▶ **WHAT THE TASK REQUIRES**:
Check each line below for "blast" and report how many have it, nothing else.

[Items from a data source]
definition deg_class :: "nat \<Rightarrow> nat \<Rightarrow> real \<Rightarrow> real \<Rightarrow> input \<Rightarrow> bool" where
  "deg_class r n d \<eta> G \<longleftrightarrow> (1 - \<eta>) * d \<le> avg_deg r n G \<and> avg_deg r n G \<le> (1 + \<eta>) * d"

end

theory Submission
  imports Defs "HOL-Real_Asymp.Real_Asymp"
begin

text \<open>
  Let m = s choose r be about d n / r and take k of order (m / c) powr (1/a), so that
  ex(k, F) \<ge> c k powr a \<ge> m. Split the n vertices into n div k blocks of k vertices and put
  into a single block either m edges of an F-free graph on k vertices, or the complete r-graph
  on s vertices, which is far from F-free because each of its card VF-subsets spans a copy of F.
  All these inputs have average degree about d. A decision tree making q queries behaves on an
  input living in one block as on the empty graph unless some query touches that block, so it
  separates the two inputs of at most q blocks. A tester separates each pair with probability
  at least 1/3, whence q \<ge> (n div k)/3, which is of order n powr (1 - 1/a) * d powr (-1/a).
\<close>

section \<open>Locality of decision trees\<close>

text \<open>
  Each query is charged to one vertex: a vertex-set query S can only be answered positively
  by a graph having an edge through Min S.
\<close>
fun query_vertex :: "query \<Rightarrow> nat" where
  "query_vertex (VQ S) = Min S"
| "query_vertex (NQ v i) = v"

fun queried_vertices :: "nat \<Rightarrow> dtree \<Rightarrow> input \<Rightarrow> nat set" where
  "queried_vertices 0 t G = {}"
| "queried_vertices (Suc j) (Leaf b) G = {}"
| "queried_vertices (Suc j) (Ask Q k) G =
     insert (query_vertex Q) (queried_vertices j (k (ans G Q)) G)"

lemma finite_queried_vertices: "finite (queried_vertices j t G)"
  by (induction j t G rule: queried_vertices.induct) auto

lemma card_queried_vertices_le: "card (queried_vertices j t G) \<le> j"
  by (induction j t G rule: queried_vertices.induct)
     (auto simp: card_insert_if finite_queried_vertices)

lemma run_eq_if_answers_agree:
  assumes agree: "\<And>Q. query_vertex Q \<notin> X \<Longrightarrow> ans G Q = ans G' Q"
  shows "queried_vertices j t G' \<inter> X = {} \<Longrightarrow> snd (run t G) \<le> j \<Longrightarrow> run t G = run t G'"
proof (induction t arbitrary: j)
  case (Leaf b)
  then show ?case by simp
next
  case (Ask Q k)
  then obtain j' where j: "j = Suc j'" by (cases j) (auto simp: Let_def)
  have same: "ans G Q = ans G' Q" using Ask.prems j agree by auto
  have "queried_vertices j' (k (ans G' Q)) G' \<inter> X = {}" using Ask.prems j by auto
  moreover have "snd (run (k (ans G' Q)) G) \<le> j'" using Ask.prems j same by (simp add: Let_def)
  ultimately have "run (k (ans G' Q)) G = run (k (ans G' Q)) G'" using Ask.IH by blast
  then show ?case using same by (simp add: Let_def)
qed
lemma tr_IPC: "a \<in> IPC \<Longrightarrow> tr a \<in> S4K_ext A"
proof (induction rule: IPC.induct)
  case (ax1 a b)
  show ?case by (rule tr_IImp_IImp_I, rule S4K_ext.taut) (simp add: ctaut_def)
next
  case (ax2 a b c)
  let ?A = "tr a" and ?B = "tr b" and ?C = "tr c"
  have "MImp (MAnd (MImp ?A (BoxI (MImp ?B ?C))) (MImp ?A ?B)) (MImp ?A ?C) \<in> S4K_ext A"
    by (rule S4K_taut_mp1[OF S4K_T_I[of "MImp ?B ?C"]]) (auto simp: ctaut_def)
  then have "MImp (BoxI (MAnd (MImp ?A (BoxI (MImp ?B ?C))) (MImp ?A ?B))) (BoxI (MImp ?A ?C))
      \<in> S4K_ext A"
    by (rule S4K_BoxI_mono)
  then have "MImp (BoxI (MImp ?A (BoxI (MImp ?B ?C)))) (MImp (BoxI (MImp ?A ?B)) (BoxI (MImp ?A ?C)))
      \<in> S4K_ext A"
    by (rule S4K_taut_mp2[OF _ S4K_BoxI_conj[of "MImp ?A (BoxI (MImp ?B ?C))" "MImp ?A ?B"]])
      (auto simp: ctaut_def)
  then show ?case by (intro tr_IImp_IImp_I) simp
next
  case (ax3 a b)
  show ?case by (rule tr_IImp_I, rule S4K_taut_mp1[OF S4K_T_I]) (auto simp: ctaut_def)
next
  case (ax4 a b)
  show ?case by (rule tr_IImp_I, rule S4K_taut_mp1[OF S4K_T_I]) (auto simp: ctaut_def)
next
  case (ax5 a b)
  show ?case
    by (rule tr_IImp_IImp_I, rule S4K_taut_mp3[OF tr_persistent[of a] tr_persistent[of b]
          S4K_BoxI_conj[of "tr a" "tr b"]])
      (auto simp: ctaut_def)
next
  case (ax6 a b)
  have "MImp (tr a) (MOr (tr a) (tr b)) \<in> S4K_ext A" by (rule S4K_ext.taut) (simp add: ctaut_def)
  then show ?case by (intro tr_IImp_I) (simp add: S4K_imp_trans[OF tr_persistent S4K_BoxI_mono])
next
  case (ax7 b a)
  have "MImp (tr b) (MOr (tr a) (tr b)) \<in> S4K_ext A" by (rule S4K_ext.taut) (simp add: ctaut_def)
  then show ?case by (intro tr_IImp_I) (simp add: S4K_imp_trans[OF tr_persistent S4K_BoxI_mono])
next
  case (ax8 a c b)
  let ?A = "tr a" and ?B = "tr b" and ?C = "tr c"
  have "MImp (MAnd (MImp ?A ?C) (MImp ?B ?C)) (MImp (BoxI (MOr ?A ?B)) ?C) \<in> S4K_ext A"
    by (rule S4K_taut_mp1[OF S4K_T_I[of "MOr ?A ?B"]]) (auto simp: ctaut_def)
  then have "MImp (BoxI (MAnd (MImp ?A ?C) (MImp ?B ?C))) (BoxI (MImp (BoxI (MOr ?A ?B)) ?C))
      \<in> S4K_ext A"
    by (rule S4K_BoxI_mono)
  then have "MImp (BoxI (MImp ?A ?C)) (MImp (BoxI (MImp ?B ?C)) (BoxI (MImp (BoxI (MOr ?A ?B)) ?C)))
      \<in> S4K_ext A"
    by (rule S4K_taut_mp2[OF _ S4K_BoxI_conj[of "MImp ?A ?C" "MImp ?B ?C"]]) (auto simp: ctaut_def)
  then show ?case by (intro tr_IImp_IImp_I) simp
next
  case (ax9 a)
  show ?case by (rule tr_IImp_I, rule S4K_ext.taut) (simp add: ctaut_def)
next
  case ax10
  show ?case by (simp add: S4K_ext.taut ctaut_def)
next
  case (mp a b)
  then show ?case by (blast intro: tr_mp)
qed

▶ **TASK SOLUTION**:
2